INSTRUCTIONS FOR THE TASK: Could you copy, word for word, only the lines from the one containing "then show ?thesis using" through the last line of the records below, both included?
:: EXERCISE DATA
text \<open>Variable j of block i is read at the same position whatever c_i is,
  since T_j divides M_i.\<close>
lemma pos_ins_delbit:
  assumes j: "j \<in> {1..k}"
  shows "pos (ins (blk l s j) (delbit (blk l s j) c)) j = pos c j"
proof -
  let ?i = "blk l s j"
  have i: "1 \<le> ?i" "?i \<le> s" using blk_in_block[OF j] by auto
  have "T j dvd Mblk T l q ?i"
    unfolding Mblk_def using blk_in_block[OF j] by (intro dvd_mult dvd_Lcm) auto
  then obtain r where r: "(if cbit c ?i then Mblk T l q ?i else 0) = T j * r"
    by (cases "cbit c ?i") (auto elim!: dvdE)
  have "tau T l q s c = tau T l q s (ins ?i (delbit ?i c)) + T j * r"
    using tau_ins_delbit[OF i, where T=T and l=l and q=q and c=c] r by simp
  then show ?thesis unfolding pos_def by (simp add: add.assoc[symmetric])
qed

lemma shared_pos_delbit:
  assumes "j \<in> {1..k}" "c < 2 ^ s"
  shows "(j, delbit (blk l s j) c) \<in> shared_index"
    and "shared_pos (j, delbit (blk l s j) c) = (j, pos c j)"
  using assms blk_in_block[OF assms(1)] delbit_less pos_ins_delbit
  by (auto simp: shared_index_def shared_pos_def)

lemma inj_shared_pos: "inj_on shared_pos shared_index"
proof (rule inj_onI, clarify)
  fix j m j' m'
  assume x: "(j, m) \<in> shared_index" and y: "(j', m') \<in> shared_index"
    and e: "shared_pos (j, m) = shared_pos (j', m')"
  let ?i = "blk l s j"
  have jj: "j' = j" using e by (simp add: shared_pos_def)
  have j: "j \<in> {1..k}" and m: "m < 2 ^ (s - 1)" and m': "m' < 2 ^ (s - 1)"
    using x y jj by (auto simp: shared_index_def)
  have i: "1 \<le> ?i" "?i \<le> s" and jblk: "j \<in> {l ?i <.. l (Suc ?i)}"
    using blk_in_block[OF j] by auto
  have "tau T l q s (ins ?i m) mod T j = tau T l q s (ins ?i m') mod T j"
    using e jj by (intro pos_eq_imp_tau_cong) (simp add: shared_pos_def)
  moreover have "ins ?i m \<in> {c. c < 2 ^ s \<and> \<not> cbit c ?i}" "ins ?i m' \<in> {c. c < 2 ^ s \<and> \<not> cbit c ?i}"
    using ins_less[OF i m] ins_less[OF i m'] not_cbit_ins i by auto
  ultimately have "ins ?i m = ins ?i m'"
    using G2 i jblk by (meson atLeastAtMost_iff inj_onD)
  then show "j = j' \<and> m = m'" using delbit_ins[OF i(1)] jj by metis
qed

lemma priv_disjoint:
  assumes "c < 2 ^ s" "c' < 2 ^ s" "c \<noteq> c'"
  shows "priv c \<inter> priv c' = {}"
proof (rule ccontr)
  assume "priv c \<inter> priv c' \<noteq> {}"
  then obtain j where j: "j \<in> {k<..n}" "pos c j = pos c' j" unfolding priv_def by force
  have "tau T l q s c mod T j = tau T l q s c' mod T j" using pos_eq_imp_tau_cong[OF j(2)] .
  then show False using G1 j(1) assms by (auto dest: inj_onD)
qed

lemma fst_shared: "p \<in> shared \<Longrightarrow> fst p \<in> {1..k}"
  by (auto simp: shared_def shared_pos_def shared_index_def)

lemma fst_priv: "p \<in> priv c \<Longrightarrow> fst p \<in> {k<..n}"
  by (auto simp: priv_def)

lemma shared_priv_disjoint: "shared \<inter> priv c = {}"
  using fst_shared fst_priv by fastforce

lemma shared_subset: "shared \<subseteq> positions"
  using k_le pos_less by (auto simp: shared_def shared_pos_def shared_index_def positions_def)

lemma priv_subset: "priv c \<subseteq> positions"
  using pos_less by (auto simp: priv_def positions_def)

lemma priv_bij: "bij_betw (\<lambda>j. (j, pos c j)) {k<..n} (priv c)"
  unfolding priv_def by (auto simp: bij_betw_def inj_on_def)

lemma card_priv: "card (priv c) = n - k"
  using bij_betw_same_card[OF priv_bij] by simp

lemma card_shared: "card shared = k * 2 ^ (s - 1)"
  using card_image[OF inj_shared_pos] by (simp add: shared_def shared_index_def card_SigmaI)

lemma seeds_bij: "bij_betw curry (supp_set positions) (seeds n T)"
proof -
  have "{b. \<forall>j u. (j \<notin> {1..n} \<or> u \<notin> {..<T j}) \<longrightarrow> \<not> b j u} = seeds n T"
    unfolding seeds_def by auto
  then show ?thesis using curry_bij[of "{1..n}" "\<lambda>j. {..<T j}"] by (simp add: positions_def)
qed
::::
TASK RESPONSE:
  then show ?thesis using curry_bij[of "{1..n}" "\<lambda>j. {..<T j}"] by (simp add: positions_def)
qed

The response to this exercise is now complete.